The input Block Start
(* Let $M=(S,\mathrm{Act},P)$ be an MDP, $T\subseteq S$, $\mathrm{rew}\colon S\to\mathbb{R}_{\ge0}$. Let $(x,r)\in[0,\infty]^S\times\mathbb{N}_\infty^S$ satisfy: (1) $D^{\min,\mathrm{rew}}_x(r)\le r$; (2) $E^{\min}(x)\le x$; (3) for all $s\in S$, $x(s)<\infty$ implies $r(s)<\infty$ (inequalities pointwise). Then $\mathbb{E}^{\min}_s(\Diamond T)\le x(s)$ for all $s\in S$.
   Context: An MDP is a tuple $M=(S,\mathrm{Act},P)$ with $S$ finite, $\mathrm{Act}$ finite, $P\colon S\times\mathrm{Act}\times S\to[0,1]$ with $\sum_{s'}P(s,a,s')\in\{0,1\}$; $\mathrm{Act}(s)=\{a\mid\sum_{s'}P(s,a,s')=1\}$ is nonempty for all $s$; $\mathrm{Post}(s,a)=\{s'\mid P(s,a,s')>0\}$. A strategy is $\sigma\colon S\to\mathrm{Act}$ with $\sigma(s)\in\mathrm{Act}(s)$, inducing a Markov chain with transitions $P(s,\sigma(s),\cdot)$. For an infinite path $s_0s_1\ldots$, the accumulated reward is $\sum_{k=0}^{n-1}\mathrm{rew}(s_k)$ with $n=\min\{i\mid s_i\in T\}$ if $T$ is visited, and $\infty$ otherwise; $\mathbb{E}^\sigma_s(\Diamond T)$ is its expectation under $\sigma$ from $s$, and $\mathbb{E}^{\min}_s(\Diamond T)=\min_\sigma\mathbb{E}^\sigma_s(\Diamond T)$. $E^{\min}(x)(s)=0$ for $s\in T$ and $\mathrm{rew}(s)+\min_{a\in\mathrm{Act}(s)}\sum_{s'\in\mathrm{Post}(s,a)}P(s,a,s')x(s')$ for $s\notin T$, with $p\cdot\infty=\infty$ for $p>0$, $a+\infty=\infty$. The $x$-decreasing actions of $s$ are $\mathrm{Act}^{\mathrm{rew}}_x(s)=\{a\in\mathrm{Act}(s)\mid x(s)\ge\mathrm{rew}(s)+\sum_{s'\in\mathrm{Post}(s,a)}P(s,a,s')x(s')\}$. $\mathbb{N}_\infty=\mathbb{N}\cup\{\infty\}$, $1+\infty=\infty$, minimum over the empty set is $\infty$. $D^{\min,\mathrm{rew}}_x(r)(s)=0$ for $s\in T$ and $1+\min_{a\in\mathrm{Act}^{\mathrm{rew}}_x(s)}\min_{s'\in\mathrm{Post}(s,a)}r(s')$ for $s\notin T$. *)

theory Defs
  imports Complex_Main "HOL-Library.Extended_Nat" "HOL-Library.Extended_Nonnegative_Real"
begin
The input Block End
The input Block Start
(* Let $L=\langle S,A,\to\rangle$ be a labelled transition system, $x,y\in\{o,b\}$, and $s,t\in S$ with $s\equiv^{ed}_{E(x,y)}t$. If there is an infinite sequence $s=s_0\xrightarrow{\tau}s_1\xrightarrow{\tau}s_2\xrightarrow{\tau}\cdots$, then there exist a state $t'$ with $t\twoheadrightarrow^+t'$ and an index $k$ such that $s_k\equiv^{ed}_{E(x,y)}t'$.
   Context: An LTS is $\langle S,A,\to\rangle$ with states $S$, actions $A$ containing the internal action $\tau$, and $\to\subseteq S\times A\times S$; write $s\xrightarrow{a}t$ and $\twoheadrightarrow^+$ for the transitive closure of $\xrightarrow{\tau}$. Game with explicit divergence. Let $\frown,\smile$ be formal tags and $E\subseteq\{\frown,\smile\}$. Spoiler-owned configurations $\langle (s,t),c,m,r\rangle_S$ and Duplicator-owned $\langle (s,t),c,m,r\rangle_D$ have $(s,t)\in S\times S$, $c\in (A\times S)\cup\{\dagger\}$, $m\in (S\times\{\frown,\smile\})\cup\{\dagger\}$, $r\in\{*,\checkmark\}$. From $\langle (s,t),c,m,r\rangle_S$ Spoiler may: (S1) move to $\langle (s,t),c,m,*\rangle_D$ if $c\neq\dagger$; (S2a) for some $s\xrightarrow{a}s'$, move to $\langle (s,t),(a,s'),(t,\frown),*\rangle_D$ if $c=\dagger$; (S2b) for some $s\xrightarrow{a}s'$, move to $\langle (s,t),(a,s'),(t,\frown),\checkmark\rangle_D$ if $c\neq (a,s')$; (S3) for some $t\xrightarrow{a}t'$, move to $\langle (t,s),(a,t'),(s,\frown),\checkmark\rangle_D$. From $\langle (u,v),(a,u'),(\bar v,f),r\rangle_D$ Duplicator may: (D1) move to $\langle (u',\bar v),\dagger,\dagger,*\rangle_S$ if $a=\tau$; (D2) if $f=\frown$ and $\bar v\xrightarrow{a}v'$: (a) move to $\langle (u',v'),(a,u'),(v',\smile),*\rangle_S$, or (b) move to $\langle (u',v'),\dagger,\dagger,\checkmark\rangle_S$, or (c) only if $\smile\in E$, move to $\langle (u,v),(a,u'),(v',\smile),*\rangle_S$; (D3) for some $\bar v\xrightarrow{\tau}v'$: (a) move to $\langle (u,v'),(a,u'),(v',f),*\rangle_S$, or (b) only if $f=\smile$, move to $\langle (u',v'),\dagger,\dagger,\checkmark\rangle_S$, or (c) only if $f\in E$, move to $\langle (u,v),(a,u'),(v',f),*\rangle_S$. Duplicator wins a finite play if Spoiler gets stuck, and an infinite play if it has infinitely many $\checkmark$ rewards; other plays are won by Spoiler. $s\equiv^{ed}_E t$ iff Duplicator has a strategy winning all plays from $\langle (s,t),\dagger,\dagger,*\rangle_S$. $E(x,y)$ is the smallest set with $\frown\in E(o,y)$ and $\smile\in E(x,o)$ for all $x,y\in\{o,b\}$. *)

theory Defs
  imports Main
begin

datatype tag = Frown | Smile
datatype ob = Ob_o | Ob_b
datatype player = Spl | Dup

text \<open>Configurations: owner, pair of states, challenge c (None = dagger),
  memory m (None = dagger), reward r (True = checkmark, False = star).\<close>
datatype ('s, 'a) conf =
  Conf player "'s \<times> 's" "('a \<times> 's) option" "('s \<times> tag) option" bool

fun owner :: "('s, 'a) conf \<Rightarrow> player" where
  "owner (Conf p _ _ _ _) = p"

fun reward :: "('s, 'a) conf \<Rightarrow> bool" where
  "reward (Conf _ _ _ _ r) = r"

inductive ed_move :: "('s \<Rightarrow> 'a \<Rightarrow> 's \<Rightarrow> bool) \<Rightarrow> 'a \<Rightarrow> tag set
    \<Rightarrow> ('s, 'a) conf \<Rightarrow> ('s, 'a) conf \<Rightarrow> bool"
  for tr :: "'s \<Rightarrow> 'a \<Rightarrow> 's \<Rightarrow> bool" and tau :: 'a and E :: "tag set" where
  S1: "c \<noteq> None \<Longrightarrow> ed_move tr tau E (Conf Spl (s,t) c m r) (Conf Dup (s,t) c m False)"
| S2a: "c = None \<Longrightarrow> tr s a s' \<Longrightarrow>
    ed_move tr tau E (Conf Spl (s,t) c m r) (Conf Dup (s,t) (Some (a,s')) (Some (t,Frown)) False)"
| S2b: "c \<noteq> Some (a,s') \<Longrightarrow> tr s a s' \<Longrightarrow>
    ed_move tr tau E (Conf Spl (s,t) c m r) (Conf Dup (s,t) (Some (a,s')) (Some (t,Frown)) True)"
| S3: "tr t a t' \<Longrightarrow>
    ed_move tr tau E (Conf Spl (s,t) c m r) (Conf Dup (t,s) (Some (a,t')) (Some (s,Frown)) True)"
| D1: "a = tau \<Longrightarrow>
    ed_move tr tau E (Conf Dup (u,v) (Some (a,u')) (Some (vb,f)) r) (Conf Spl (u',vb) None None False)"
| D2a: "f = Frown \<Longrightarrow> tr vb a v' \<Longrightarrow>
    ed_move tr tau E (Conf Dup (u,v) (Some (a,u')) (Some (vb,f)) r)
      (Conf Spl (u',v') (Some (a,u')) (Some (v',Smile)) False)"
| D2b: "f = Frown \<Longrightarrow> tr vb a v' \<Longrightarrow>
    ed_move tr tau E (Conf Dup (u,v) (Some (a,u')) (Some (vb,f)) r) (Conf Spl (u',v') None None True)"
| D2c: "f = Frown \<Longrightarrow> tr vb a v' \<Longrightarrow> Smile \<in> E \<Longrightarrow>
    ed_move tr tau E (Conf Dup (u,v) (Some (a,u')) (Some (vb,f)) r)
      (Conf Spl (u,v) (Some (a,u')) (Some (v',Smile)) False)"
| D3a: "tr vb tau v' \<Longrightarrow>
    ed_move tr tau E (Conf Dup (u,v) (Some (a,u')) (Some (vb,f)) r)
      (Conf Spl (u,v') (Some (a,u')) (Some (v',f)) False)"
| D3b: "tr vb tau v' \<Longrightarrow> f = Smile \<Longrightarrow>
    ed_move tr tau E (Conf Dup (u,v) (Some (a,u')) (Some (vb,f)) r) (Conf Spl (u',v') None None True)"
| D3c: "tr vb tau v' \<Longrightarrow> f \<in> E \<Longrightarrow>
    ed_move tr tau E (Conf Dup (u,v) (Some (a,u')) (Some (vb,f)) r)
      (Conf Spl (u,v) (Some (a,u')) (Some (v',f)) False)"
The input Block End
# [Task description]
Write out only the lines that run from the line containing "(Conf _ _ _ _ r)" through the line containing "f \<in> E \<Longrightarrow>", both included, exactly as they appear above.

# [Problem solution]
  "reward (Conf _ _ _ _ r) = r"

inductive ed_move :: "('s \<Rightarrow> 'a \<Rightarrow> 's \<Rightarrow> bool) \<Rightarrow> 'a \<Rightarrow> tag set
    \<Rightarrow> ('s, 'a) conf \<Rightarrow> ('s, 'a) conf \<Rightarrow> bool"
  for tr :: "'s \<Rightarrow> 'a \<Rightarrow> 's \<Rightarrow> bool" and tau :: 'a and E :: "tag set" where
  S1: "c \<noteq> None \<Longrightarrow> ed_move tr tau E (Conf Spl (s,t) c m r) (Conf Dup (s,t) c m False)"
| S2a: "c = None \<Longrightarrow> tr s a s' \<Longrightarrow>
    ed_move tr tau E (Conf Spl (s,t) c m r) (Conf Dup (s,t) (Some (a,s')) (Some (t,Frown)) False)"
| S2b: "c \<noteq> Some (a,s') \<Longrightarrow> tr s a s' \<Longrightarrow>
    ed_move tr tau E (Conf Spl (s,t) c m r) (Conf Dup (s,t) (Some (a,s')) (Some (t,Frown)) True)"
| S3: "tr t a t' \<Longrightarrow>
    ed_move tr tau E (Conf Spl (s,t) c m r) (Conf Dup (t,s) (Some (a,t')) (Some (s,Frown)) True)"
| D1: "a = tau \<Longrightarrow>
    ed_move tr tau E (Conf Dup (u,v) (Some (a,u')) (Some (vb,f)) r) (Conf Spl (u',vb) None None False)"
| D2a: "f = Frown \<Longrightarrow> tr vb a v' \<Longrightarrow>
    ed_move tr tau E (Conf Dup (u,v) (Some (a,u')) (Some (vb,f)) r)
      (Conf Spl (u',v') (Some (a,u')) (Some (v',Smile)) False)"
| D2b: "f = Frown \<Longrightarrow> tr vb a v' \<Longrightarrow>
    ed_move tr tau E (Conf Dup (u,v) (Some (a,u')) (Some (vb,f)) r) (Conf Spl (u',v') None None True)"
| D2c: "f = Frown \<Longrightarrow> tr vb a v' \<Longrightarrow> Smile \<in> E \<Longrightarrow>
    ed_move tr tau E (Conf Dup (u,v) (Some (a,u')) (Some (vb,f)) r)
      (Conf Spl (u,v) (Some (a,u')) (Some (v',Smile)) False)"
| D3a: "tr vb tau v' \<Longrightarrow>
    ed_move tr tau E (Conf Dup (u,v) (Some (a,u')) (Some (vb,f)) r)
      (Conf Spl (u,v') (Some (a,u')) (Some (v',f)) False)"
| D3b: "tr vb tau v' \<Longrightarrow> f = Smile \<Longrightarrow>
    ed_move tr tau E (Conf Dup (u,v) (Some (a,u')) (Some (vb,f)) r) (Conf Spl (u',v') None None True)"
| D3c: "tr vb tau v' \<Longrightarrow> f \<in> E \<Longrightarrow>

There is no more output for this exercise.